▶ [What you have to do] Whenever a line below holds the word "ultimately", count it once; report the total and nothing else.

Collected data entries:
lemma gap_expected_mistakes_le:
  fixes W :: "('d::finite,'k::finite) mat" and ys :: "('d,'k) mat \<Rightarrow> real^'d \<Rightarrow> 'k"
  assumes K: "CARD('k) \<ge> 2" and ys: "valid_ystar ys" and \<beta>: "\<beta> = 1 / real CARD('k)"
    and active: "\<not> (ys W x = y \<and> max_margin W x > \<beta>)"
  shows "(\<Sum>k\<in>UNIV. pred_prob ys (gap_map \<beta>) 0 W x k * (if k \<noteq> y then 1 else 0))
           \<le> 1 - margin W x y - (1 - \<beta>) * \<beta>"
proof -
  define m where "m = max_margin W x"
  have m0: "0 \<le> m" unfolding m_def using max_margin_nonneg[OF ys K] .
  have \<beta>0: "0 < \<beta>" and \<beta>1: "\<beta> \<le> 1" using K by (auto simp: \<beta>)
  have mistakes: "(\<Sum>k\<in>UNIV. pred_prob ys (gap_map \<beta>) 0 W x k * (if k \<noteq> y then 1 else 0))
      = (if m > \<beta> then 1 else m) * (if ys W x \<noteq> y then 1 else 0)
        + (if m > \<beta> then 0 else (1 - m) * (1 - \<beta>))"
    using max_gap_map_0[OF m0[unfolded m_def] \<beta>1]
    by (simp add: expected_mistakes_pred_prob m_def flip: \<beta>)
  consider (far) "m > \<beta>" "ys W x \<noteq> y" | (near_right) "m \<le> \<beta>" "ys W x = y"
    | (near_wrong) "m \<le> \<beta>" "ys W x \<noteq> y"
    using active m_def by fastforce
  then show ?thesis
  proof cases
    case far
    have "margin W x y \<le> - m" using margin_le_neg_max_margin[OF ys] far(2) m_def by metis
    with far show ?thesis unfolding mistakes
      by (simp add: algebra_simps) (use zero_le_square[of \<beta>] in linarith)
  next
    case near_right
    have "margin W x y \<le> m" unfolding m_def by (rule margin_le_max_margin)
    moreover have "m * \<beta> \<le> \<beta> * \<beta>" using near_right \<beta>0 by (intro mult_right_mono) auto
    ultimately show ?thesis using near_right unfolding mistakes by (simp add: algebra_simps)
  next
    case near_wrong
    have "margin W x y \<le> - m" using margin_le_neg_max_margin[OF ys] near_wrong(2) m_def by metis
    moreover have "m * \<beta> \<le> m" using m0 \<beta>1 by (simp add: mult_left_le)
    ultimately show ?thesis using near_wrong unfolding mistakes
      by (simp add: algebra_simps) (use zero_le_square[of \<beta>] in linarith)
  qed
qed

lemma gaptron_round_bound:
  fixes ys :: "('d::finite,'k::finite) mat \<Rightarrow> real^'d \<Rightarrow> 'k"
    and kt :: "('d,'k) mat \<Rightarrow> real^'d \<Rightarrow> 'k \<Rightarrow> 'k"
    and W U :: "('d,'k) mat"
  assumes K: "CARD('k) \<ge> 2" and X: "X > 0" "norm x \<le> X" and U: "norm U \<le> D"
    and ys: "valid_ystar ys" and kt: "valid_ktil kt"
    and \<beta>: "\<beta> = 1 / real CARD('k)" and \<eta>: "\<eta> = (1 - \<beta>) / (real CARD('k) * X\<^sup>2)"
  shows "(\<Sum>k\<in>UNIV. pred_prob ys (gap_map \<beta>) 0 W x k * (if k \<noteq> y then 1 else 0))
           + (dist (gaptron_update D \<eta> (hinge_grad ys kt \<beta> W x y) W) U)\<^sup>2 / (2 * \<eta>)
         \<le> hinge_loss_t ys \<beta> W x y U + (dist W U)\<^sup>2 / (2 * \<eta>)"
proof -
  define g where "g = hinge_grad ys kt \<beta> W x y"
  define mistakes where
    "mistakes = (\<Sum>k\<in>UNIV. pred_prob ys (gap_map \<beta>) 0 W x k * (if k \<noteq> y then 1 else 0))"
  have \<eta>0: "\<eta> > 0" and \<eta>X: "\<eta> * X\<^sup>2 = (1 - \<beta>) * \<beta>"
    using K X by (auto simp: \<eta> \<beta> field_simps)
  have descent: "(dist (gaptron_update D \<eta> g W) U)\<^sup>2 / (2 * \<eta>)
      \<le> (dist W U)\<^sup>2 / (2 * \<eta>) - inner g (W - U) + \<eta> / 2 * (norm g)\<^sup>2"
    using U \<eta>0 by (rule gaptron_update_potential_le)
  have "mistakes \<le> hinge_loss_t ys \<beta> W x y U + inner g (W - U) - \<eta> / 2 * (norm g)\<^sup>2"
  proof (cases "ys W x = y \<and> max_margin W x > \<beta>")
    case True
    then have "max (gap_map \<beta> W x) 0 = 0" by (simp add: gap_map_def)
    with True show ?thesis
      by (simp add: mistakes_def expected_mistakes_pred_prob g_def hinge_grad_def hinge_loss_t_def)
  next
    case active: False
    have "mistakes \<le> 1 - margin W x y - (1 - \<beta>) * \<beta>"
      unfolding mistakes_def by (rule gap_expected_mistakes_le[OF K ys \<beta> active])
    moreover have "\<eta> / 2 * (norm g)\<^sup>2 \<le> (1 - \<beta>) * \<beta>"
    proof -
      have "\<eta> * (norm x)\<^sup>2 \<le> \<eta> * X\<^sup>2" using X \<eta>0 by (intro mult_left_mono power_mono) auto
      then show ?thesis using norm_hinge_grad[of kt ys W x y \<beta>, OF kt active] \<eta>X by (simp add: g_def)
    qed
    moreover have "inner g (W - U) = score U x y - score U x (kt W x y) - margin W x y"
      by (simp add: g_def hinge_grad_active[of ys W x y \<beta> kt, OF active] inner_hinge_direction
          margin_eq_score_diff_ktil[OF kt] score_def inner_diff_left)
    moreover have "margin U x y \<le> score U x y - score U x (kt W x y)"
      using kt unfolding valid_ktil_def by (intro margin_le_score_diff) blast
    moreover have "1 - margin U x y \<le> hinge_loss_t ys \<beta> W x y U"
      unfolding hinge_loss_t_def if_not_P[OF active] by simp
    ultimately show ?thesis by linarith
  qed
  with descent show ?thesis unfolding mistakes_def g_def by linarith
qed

▶ [Exercise result] 3